*** Opening Data for this task ***

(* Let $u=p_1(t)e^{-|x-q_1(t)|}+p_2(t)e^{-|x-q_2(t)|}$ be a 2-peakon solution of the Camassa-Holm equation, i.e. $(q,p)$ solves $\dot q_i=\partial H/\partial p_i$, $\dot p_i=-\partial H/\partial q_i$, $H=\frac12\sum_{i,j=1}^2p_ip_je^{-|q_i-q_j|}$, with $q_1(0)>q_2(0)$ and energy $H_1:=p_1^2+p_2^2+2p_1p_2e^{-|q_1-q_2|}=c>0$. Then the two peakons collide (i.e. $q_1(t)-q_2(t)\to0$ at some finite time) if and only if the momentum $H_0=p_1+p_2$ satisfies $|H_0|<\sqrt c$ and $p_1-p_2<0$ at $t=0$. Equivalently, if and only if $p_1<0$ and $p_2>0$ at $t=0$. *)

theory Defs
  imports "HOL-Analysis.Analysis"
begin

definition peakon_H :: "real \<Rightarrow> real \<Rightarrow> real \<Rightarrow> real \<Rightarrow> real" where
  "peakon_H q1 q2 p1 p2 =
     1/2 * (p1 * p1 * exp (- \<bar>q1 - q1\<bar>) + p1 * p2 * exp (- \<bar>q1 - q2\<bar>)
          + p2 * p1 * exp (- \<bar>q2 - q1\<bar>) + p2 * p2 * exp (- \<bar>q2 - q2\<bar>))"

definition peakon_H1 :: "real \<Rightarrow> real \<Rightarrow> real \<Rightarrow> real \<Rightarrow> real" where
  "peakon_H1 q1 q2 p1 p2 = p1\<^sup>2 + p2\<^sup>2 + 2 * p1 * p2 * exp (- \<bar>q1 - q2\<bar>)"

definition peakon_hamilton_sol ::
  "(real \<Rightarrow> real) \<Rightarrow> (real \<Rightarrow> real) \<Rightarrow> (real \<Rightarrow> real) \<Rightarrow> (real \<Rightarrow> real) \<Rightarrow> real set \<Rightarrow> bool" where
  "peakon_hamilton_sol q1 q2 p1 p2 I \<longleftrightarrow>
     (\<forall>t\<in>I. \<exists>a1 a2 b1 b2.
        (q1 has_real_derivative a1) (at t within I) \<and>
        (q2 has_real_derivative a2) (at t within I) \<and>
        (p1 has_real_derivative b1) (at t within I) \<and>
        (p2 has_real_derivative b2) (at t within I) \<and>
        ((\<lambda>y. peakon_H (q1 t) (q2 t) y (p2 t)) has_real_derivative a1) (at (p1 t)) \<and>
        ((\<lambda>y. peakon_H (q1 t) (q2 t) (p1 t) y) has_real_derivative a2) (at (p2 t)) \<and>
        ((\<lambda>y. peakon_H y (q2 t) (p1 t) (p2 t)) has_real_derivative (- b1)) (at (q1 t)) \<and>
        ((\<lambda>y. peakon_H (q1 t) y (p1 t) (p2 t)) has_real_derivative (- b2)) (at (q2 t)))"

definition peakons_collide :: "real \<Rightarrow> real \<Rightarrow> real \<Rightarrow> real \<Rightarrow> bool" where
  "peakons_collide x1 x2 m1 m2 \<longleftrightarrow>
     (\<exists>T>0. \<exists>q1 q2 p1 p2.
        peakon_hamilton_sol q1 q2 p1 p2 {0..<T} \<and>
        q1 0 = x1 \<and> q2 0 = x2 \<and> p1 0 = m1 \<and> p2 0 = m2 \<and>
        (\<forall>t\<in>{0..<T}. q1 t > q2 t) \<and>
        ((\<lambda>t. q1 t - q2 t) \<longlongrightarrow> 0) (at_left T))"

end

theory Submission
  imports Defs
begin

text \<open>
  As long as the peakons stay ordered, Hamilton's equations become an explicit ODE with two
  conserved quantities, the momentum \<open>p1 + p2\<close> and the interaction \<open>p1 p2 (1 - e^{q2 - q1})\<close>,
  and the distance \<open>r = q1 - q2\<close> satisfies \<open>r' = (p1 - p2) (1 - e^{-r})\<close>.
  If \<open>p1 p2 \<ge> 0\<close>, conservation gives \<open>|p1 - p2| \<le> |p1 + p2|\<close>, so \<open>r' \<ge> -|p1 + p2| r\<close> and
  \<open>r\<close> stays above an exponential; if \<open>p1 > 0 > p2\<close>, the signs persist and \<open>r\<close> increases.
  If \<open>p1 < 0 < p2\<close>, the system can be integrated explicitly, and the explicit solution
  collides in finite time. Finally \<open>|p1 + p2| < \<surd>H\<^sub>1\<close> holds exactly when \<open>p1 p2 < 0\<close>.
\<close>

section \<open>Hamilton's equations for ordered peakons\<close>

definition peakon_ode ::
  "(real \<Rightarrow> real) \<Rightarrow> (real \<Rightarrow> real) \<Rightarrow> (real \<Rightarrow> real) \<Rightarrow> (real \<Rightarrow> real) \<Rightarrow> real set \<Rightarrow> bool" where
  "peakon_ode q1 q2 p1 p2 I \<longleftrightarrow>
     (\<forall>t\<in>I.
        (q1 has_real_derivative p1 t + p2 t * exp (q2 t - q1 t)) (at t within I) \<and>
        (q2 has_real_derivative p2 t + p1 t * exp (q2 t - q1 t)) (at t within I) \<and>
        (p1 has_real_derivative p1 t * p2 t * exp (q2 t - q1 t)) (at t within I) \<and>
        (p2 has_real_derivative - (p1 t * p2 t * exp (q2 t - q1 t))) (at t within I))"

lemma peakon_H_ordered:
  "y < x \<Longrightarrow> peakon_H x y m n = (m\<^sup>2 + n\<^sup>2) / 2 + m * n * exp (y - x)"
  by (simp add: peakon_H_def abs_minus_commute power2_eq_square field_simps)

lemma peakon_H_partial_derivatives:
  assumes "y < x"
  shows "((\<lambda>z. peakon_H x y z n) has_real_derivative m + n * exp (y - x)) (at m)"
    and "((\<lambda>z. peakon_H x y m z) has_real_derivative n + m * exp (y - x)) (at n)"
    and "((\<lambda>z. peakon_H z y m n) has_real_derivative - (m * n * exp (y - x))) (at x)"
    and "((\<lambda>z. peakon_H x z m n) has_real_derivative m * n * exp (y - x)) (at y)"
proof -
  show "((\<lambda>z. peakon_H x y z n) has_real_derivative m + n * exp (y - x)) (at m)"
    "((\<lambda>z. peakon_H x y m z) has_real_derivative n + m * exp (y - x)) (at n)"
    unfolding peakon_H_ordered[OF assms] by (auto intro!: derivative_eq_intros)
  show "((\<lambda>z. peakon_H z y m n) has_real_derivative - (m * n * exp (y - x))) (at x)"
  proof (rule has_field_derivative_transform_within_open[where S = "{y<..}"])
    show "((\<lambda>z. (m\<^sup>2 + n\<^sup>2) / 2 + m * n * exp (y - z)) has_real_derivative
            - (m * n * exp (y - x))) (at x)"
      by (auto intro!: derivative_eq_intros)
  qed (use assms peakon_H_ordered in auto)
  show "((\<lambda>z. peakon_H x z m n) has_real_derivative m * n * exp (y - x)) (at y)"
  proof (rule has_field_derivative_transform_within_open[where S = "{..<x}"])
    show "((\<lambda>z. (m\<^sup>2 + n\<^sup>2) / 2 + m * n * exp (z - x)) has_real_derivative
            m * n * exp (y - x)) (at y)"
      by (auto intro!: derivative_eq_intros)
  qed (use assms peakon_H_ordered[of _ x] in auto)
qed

*** Closing Data for this task ***

**Problem statement:** Copy every line of the data that holds the string "auto".

**Reply to the exercise:**
    unfolding peakon_H_ordered[OF assms] by (auto intro!: derivative_eq_intros)
      by (auto intro!: derivative_eq_intros)
  qed (use assms peakon_H_ordered in auto)
      by (auto intro!: derivative_eq_intros)
  qed (use assms peakon_H_ordered[of _ x] in auto)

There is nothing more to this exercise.